# Tomb Raider



## Fabry_cekko (3 Gennaio 2013)

è il primo Tomb Raider che mi piacerebbe provare
esce il 5 Marzo


----------



## Lucocco Franfrescone (3 Gennaio 2013)

Uncharted


----------



## Miro (3 Gennaio 2013)

Uncharted versione femminile con un pizzico di giochi di caccia stile Cabela's...non mi convince.
Se penso poi che ci sarà pure il multiplayer online...


----------



## Fabriman94 (3 Gennaio 2013)

L' accoppiata Square-Eidos sta facendo molto bene, speriamo che questo reboot di Tomb Raider sia bello, anche perchè è una saga a cui tengo molto.


----------



## Degenerate X (3 Gennaio 2013)

Sembra bello, peccato per l'assenza di una colonna sonora adegueta.


----------



## Fabriman94 (3 Gennaio 2013)

Degenerate X ha scritto:


> Sembra bello, peccato per l'assenza di una colonna sonora adegueta.


Purtroppo il livello delle musiche dei primi Tomb Raider per PS1, sembrano inarrivabili anche se neanche quella di The Angel Of Darkness fu affatto male, ma le vecchie davano una certa atmosfera di evocativo ed azzeccato per quel tipo di gioco.


----------



## Butcher (4 Gennaio 2013)

Ma che grafica è?
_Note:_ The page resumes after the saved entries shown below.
(* Let $n>d$ be positive integers, $\alpha\in(0,1)$, $\hat\theta\in\mathbb{R}$, $\hat\sigma\in(0,\infty)$ fixed, and $\hat\theta_L=\hat\theta-t_{n-d,1-\alpha/2}\hat\sigma/\sqrt n$, $\hat\theta_U=\hat\theta+t_{n-d,1-\alpha/2}\hat\sigma/\sqrt n$. Then, as $m\to\infty$, $$1-\Phi\big(\sqrt{m/n}\,\delta_U(c)\big)\to\begin{cases}1 & c<\hat\theta_L,\\ 1/2 & c=\hat\theta_L,\\ 0 & c>\hat\theta_L,\end{cases}\qquad 1-\Phi\big(\sqrt{m/n}\,\delta_L(c)\big)\to\begin{cases}1 & c<\hat\theta_U,\\ 1/2 & c=\hat\theta_U,\\ 0 & c>\hat\theta_U.\end{cases}$$
   Context: $\Phi$ is the standard normal CDF. For $\nu>0$, $\delta\in\mathbb{R}$, $F_{\nu,\delta}$ is the CDF of the noncentral $t$-distribution with $\nu$ degrees of freedom and noncentrality $\delta$, and $t_{\nu,p}=F_{\nu,0}^{-1}(p)$. For a cutoff $c\in\mathbb{R}$ let $q(c)=\sqrt n\,(c-\hat\theta)/\hat\sigma$, and let $\delta_L(c),\delta_U(c)$ be the unique reals with $F_{n-d,\delta_L(c)}(q(c))=1-\alpha/2$ and $F_{n-d,\delta_U(c)}(q(c))=\alpha/2$. *)

theory Defs
  imports "HOL-Probability.Probability"
begin

definition Phi :: "real \<Rightarrow> real" where
  "Phi x = cdf (density lborel std_normal_density) x"

definition chisq_density :: "real \<Rightarrow> real \<Rightarrow> real" where
  "chisq_density \<nu> v = (if v > 0 then v powr (\<nu>/2 - 1) * exp (- v/2) / (2 powr (\<nu>/2) * Gamma (\<nu>/2)) else 0)"

text \<open>CDF of the noncentral t distribution: law of (Z + delta) / sqrt(V/nu), Z standard normal,
  V chi-square(nu) independent; by conditioning on V,
  F(x) = P(Z \<le> x sqrt(V/nu) - delta) = E[Phi(x sqrt(V/nu) - delta)].\<close>
definition nct_cdf :: "real \<Rightarrow> real \<Rightarrow> real \<Rightarrow> real" where
  "nct_cdf \<nu> \<delta> x = (LINT v|lborel. chisq_density \<nu> v * Phi (x * sqrt (v / \<nu>) - \<delta>))"

definition t_quantile :: "real \<Rightarrow> real \<Rightarrow> real" where
  "t_quantile \<nu> p = (THE x. nct_cdf \<nu> 0 x = p)"

definition qstat :: "nat \<Rightarrow> real \<Rightarrow> real \<Rightarrow> real \<Rightarrow> real" where
  "qstat n \<theta> \<sigma> c = sqrt (real n) * (c - \<theta>) / \<sigma>"

definition delta_L :: "nat \<Rightarrow> nat \<Rightarrow> real \<Rightarrow> real \<Rightarrow> real \<Rightarrow> real \<Rightarrow> real" where
  "delta_L n d \<alpha> \<theta> \<sigma> c = (THE \<delta>. nct_cdf (real n - real d) \<delta> (qstat n \<theta> \<sigma> c) = 1 - \<alpha>/2)"

definition delta_U :: "nat \<Rightarrow> nat \<Rightarrow> real \<Rightarrow> real \<Rightarrow> real \<Rightarrow> real \<Rightarrow> real" where
  "delta_U n d \<alpha> \<theta> \<sigma> c = (THE \<delta>. nct_cdf (real n - real d) \<delta> (qstat n \<theta> \<sigma> c) = \<alpha>/2)"

end

theory Submission
  imports Defs "HOL-Real_Asymp.Real_Asymp"
begin

text \<open>
  Write F(\<delta>, x) = E[Phi (x sqrt (V/\<nu>) - \<delta>)] with V chi-square distributed. By dominated
  convergence F is continuous, strictly decreasing from 1 to 0 in \<delta> and strictly increasing
  from 0 to 1 in x, so \<delta>_L(c), \<delta>_U(c) and the quantile t are well defined. By the symmetry
  F(0, -x) = 1 - F(0, x) we get F(\<delta>_U(c), q(c)) = F(0, -t) and F(\<delta>_L(c), q(c)) = F(0, t), and
  monotonicity in both arguments forces \<delta>_U(c) to have the sign of q(c) + t, i.e. of c - \<theta>_L,
  and \<delta>_L(c) that of c - \<theta>_U. Finally sqrt (m/n) \<delta> tends to +\<infinity>, 0 or -\<infinity> according to the
  sign of \<delta>, and Phi 0 = 1/2.
\<close>

abbreviation std_normal :: "real measure" where
  "std_normal \<equiv> density lborel std_normal_density"

interpretation std_normal: real_distribution std_normal
  by (simp add: real_distribution_def real_distribution_axioms_def prob_space_normal_density)

lemma Phi_eq_cdf: "Phi = cdf std_normal"
  by (simp add: fun_eq_iff Phi_def)

lemma Phi_nonneg: "0 \<le> Phi x"
  unfolding Phi_eq_cdf by (rule std_normal.cdf_nonneg)

lemma Phi_le_1: "Phi x \<le> 1"
  unfolding Phi_eq_cdf by (rule std_normal.cdf_bounded_prob)

lemma abs_Phi_le_1: "\<bar>Phi x\<bar> \<le> 1"
  using Phi_nonneg Phi_le_1 by simp

lemma Phi_at_top: "(Phi \<longlongrightarrow> 1) at_top"
  unfolding Phi_eq_cdf by (rule std_normal.cdf_lim_at_top_prob)

lemma Phi_at_bot: "(Phi \<longlongrightarrow> 0) at_bot"
  unfolding Phi_eq_cdf by (rule std_normal.cdf_lim_at_bot)

lemma null_sets_std_normal_iff: "A \<in> null_sets std_normal \<longleftrightarrow> A \<in> null_sets lborel"
proof -
  have "std_normal_density x \<noteq> 0" for x
    using normal_density_pos[of 1 0 x] by simp
  then have "A \<in> null_sets std_normal \<longleftrightarrow> A \<in> sets lborel \<and> (AE x in lborel. x \<notin> A)"
    by (simp add: null_sets_density_iff)
  then show ?thesis
    using AE_iff_null_sets[of A lborel] by blast
qed

lemma isCont_Phi: "isCont Phi x"
proof -
  have "{x} \<in> null_sets std_normal"
    by (simp add: null_sets_std_normal_iff countable_imp_null_set_lborel)
  then show ?thesis
    unfolding Phi_eq_cdf std_normal.isCont_cdf by (auto simp: measure_def)
qed

lemma borel_measurable_Phi [measurable]: "Phi \<in> borel_measurable borel"
  by (intro borel_measurable_continuous_onI continuous_at_imp_continuous_on ballI isCont_Phi)

lemma Phi_strict_mono: "strict_mono Phi"
proof (rule strict_monoI)
  fix x y :: real assume "x < y"
  then have "{x<..y} \<notin> null_sets lborel"
    by (auto simp: null_sets_def)
  then have "measure std_normal {x<..y} \<noteq> 0"
    by (auto simp: null_sets_std_normal_iff[symmetric] std_normal.emeasure_eq_measure)
  moreover have "Phi y - Phi x = measure std_normal {x<..y}"
    unfolding Phi_eq_cdf using std_normal.cdf_diff_eq[OF \<open>x < y\<close>] by simp
  ultimately show "Phi x < Phi y"
    by (metis measure_nonneg diff_gt_0_iff_gt order_le_less)
qed
lemma Phi_minus: "Phi (- x) = 1 - Phi x"
proof -
  have "emeasure std_normal {..-x} = (\<integral>\<^sup>+v. std_normal_density v * indicator {..-x} v \<partial>lborel)"
    by (simp add: emeasure_density nn_integral_set_ennreal)
  also have "\<dots> = (\<integral>\<^sup>+v. std_normal_density (0 + -1 * v) * indicator {..-x} (0 + -1 * v) \<partial>lborel)"
    by (subst nn_integral_real_affine[where c = "-1" and t = 0]) auto
  also have "\<dots> = (\<integral>\<^sup>+v. std_normal_density v * indicator {x<..} v \<partial>lborel)"
    using AE_lborel_singleton[of x]
    by (intro nn_integral_cong_AE) (auto simp: std_normal_density_def indicator_def)
  also have "\<dots> = emeasure std_normal {x<..}"
    by (simp add: emeasure_density nn_integral_set_ennreal)
  finally have "measure std_normal {..-x} = measure std_normal (space std_normal - {..x})"
    by (simp add: measure_def Compl_eq_Diff_UNIV[symmetric] Compl_atMost)
  then show ?thesis
    unfolding Phi_eq_cdf cdf_def using std_normal.prob_compl[of "{..x}"] by simp
qed

lemma Phi_0: "Phi 0 = 1/2"
  using Phi_minus[of 0] by simp

definition chisq :: "real \<Rightarrow> real measure" where
  "chisq \<nu> = density lborel (chisq_density \<nu>)"

lemma sets_chisq [measurable_cong]: "sets (chisq \<nu>) = sets borel"
  by (simp add: chisq_def)

lemma borel_measurable_chisq_density [measurable]: "chisq_density \<nu> \<in> borel_measurable borel"
  unfolding chisq_density_def by measurable

lemma chisq_density_nonneg: "0 < \<nu> \<Longrightarrow> 0 \<le> chisq_density \<nu> v"
  unfolding chisq_density_def using Gamma_real_pos[of "\<nu>/2"] by auto

lemma chisq_density_scale_2:
  assumes "0 < \<nu>"
  shows "2 * chisq_density \<nu> (2 * x) = (if 0 \<le> x then x powr (\<nu>/2 - 1) / exp x else 0) / Gamma (\<nu>/2)"
proof (cases "0 < x")
  case True
  have "(2::real) powr (\<nu>/2) = 2 * 2 powr (\<nu>/2 - 1)"
    by (simp add: powr_diff)
  moreover have "(2 * x) powr (\<nu>/2 - 1) = 2 powr (\<nu>/2 - 1) * x powr (\<nu>/2 - 1)"
    using True by (simp add: powr_mult)
  ultimately show ?thesis
    using True Gamma_real_pos[of "\<nu>/2"] assms by (simp add: chisq_density_def exp_minus field_simps)
qed (auto simp: chisq_density_def)

text \<open>The substitution \<open>v = 2x\<close> turns the chi-square density into Euler's Gamma integrand.\<close>
lemma nn_integral_chisq_density:
  assumes "0 < \<nu>"
  shows "(\<integral>\<^sup>+v. chisq_density \<nu> v \<partial>lborel) = 1"
proof -
  define f where "f = (\<lambda>x::real. (if 0 \<le> x then x powr (\<nu>/2 - 1) / exp x else 0) / Gamma (\<nu>/2))"
  have Gamma_pos: "0 < Gamma (\<nu>/2)"
    using assms by (simp add: Gamma_real_pos)
  have "((\<lambda>x. x powr (\<nu>/2 - 1) / exp x) has_integral Gamma (\<nu>/2)) {0..}"
    using assms by (intro Gamma_integral_real) simp
  then have "((\<lambda>x::real. if x \<in> {0..} then x powr (\<nu>/2 - 1) / exp x else 0) has_integral Gamma (\<nu>/2)) UNIV"
    by (rule has_integral_restrict_UNIV[THEN iffD2])
  from has_integral_divide[OF this, of "Gamma (\<nu>/2)"]
  have f_integral: "(f has_integral 1) UNIV"
    using Gamma_pos by (simp add: f_def)
  have "(\<integral>\<^sup>+v. chisq_density \<nu> v \<partial>lborel) = 2 * (\<integral>\<^sup>+x. chisq_density \<nu> (0 + 2 * x) \<partial>lborel)"
    by (subst nn_integral_real_affine[where c = 2 and t = 0]) auto
  also have "\<dots> = (\<integral>\<^sup>+x. f x \<partial>lborel)"
    using chisq_density_nonneg[OF assms]
    by (subst nn_integral_cmult[symmetric]) (auto simp: ennreal_mult f_def chisq_density_scale_2[OF assms, symmetric])
  also have "\<dots> = 1"
    using f_integral Gamma_pos by (subst nn_integral_has_integral_lborel[where I = 1]) (auto simp: f_def)
  finally show ?thesis .
qed

lemma prob_space_chisq: "0 < \<nu> \<Longrightarrow> prob_space (chisq \<nu>)"
  by (rule prob_spaceI) (simp add: chisq_def emeasure_density nn_integral_chisq_density)

lemma AE_chisq_pos: "AE v in chisq \<nu>. 0 < v"
  unfolding chisq_def by (subst AE_density) (auto simp: chisq_density_def)

lemma nct_cdf_eq_chisq_integral:
  "0 < \<nu> \<Longrightarrow> nct_cdf \<nu> \<delta> x = (\<integral>v. Phi (x * sqrt (v / \<nu>) - \<delta>) \<partial>chisq \<nu>)"
  unfolding nct_cdf_def chisq_def by (subst integral_density) (auto simp: chisq_density_nonneg)

lemma strict_mono_ex1_eq:
  fixes f :: "real \<Rightarrow> real"
  assumes mono: "strict_mono f" and cont: "\<And>x. isCont f x"
    and lim_neg: "(\<lambda>i. f (- real i)) \<longlonglongrightarrow> a" and lim_pos: "(\<lambda>i. f (real i)) \<longlonglongrightarrow> b"
    and "a < y" "y < b"
  shows "\<exists>!x. f x = y"
proof -
  have "eventually (\<lambda>i. f (- real i) < y \<and> y < f (real i)) sequentially"
    using order_tendstoD(2)[OF lim_neg \<open>a < y\<close>] order_tendstoD(1)[OF lim_pos \<open>y < b\<close>]
    by eventually_elim auto
  then obtain i where "f (- real i) < y" "y < f (real i)"
    by (auto simp: eventually_sequentially)
  then obtain x where "f x = y"
    using IVT'[of f "- real i" y "real i"] cont by (auto intro: continuous_at_imp_continuous_on)
  with strict_mono_eq[OF mono] show ?thesis
    by auto
qed

context
  fixes \<nu> :: real
  assumes \<nu>_pos: "0 < \<nu>"
begin

interpretation chisq: prob_space "chisq \<nu>"
  using \<nu>_pos by (rule prob_space_chisq)

lemma integrable_chisq_Phi:
  "f \<in> borel_measurable borel \<Longrightarrow> integrable (chisq \<nu>) (\<lambda>v. Phi (f v))"
  by (intro chisq.integrable_const_bound[where B = 1]) (auto simp: abs_Phi_le_1)

lemma nct_cdf_tendsto:
  assumes "\<And>v. 0 < v \<Longrightarrow> (\<lambda>i. Phi (x i * sqrt (v / \<nu>) - \<delta> i)) \<longlonglongrightarrow> h v"
    and [measurable]: "h \<in> borel_measurable borel"
  shows "(\<lambda>i. nct_cdf \<nu> (\<delta> i) (x i)) \<longlonglongrightarrow> (\<integral>v. h v \<partial>chisq \<nu>)"
  unfolding nct_cdf_eq_chisq_integral[OF \<nu>_pos]
proof (rule integral_dominated_convergence[where w = "\<lambda>_. 1"])
  show "AE v in chisq \<nu>. (\<lambda>i. Phi (x i * sqrt (v / \<nu>) - \<delta> i)) \<longlonglongrightarrow> h v"
    using AE_chisq_pos by eventually_elim (rule assms(1))
  show "AE v in chisq \<nu>. norm (Phi (x i * sqrt (v / \<nu>) - \<delta> i)) \<le> 1" for i
    by (simp add: abs_Phi_le_1)
qed auto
Fa schifo...


----------



## er piscio de gatto (4 Gennaio 2013)

Altra serie disintegrata, da epica e farsa


----------



## vota DC (4 Gennaio 2013)

Boh a me è sempre sembrata la brutta copia di Alone in the Dark solo che ne hanno fatto più seguiti.


----------



## robs91 (6 Marzo 2013)

Leggo in giro commenti molto positivi sul gioco.Qualcuno lo ha preso?


----------



## Fabry_cekko (6 Marzo 2013)

mi ero pure scordato di questo gioco...è uscito ieri


----------



## Gekyn (6 Marzo 2013)

Mi sono fermato a tomb 2.....


----------



## esjie (6 Marzo 2013)

Aspetto di leggere un po' di pareri poi vedo, il 2 e il 3 sono state pietre miliari della mia pubertà


----------



## Brain84 (7 Marzo 2013)

L'ho giocato da un amico ed è spettacolare. Il 13 marzo mi prendero God of war Ascension e a Maggio credo prenderò Tomb Raider usato mentre aspetto The Last of Us


----------



## MilanForever (7 Marzo 2013)

Certo che con tomb raider non ha proprio nulla a che fare... tanto valeva chiamarlo con un altro nome, anche se capisco che il nome attiri.


----------



## Lorenzo 89 (7 Marzo 2013)

Gran bel gioco, lo sto giocando e sto a malapena al 30%. Ho giocato a praticamente quasi tutti i Tomb Raider, ma questo qua è davvero un signor titolo. Hanno voluto fare un reboot rendendo questa saga innovativa, aggiungendo un pizzico di Rpg tipo potenziando le armi e il personaggio a seconda dello stile di gioco, i viaggi rapidi tra un accampamento e l'altro e più esplorazione con uno scopo di fondo, come scovare le varie tombe e i tesori nascosti, le reliquie et cetera. Negli altri Tomb Raider c'era sì l'elemento esplorazione, ma era più che altro incentrato per sbloccare leve o chiavi o quant'altro per accedere alla fase successiva dell'area, in questo gioco invece l'esplorazione ha anche altri scopi, invece solamente di trovare la soluzione per procedere nell'avventura. I combattimenti sono ben fatti, si può sfruttare le coperture e sparare ai vari nemici usando un buon arsenale di armi (ho sbloccato arco, pistola, mitra, shotgun) dotate di vari gadget per svilupparle, come utilizzare frecce incendiarie o sbloccare la modalità di tiro automatica della pistola e tante altre robe.


----------



## Lucocco Franfrescone (9 Marzo 2013)

lo sto giocando ed è bellissimo

- - - Aggiornato - - -



er piscio de gatto ha scritto:


> Altra serie disintegrata, da epica e farsa



col *****, è bellissimo


----------



## Z A Z A' (9 Marzo 2013)

Vedendo dei video sembra davvero molto bello


----------



## Fabriman94 (9 Marzo 2013)

Il gioco è doppiato in italiano? E' vero che non c'è più Elda Olivieri al doppiaggio di Lara?


----------



## Lorenzo 89 (9 Marzo 2013)

Fabriman94 ha scritto:


> Il gioco è doppiato in italiano? E' vero che non c'è più Elda Olivieri al doppiaggio di Lara?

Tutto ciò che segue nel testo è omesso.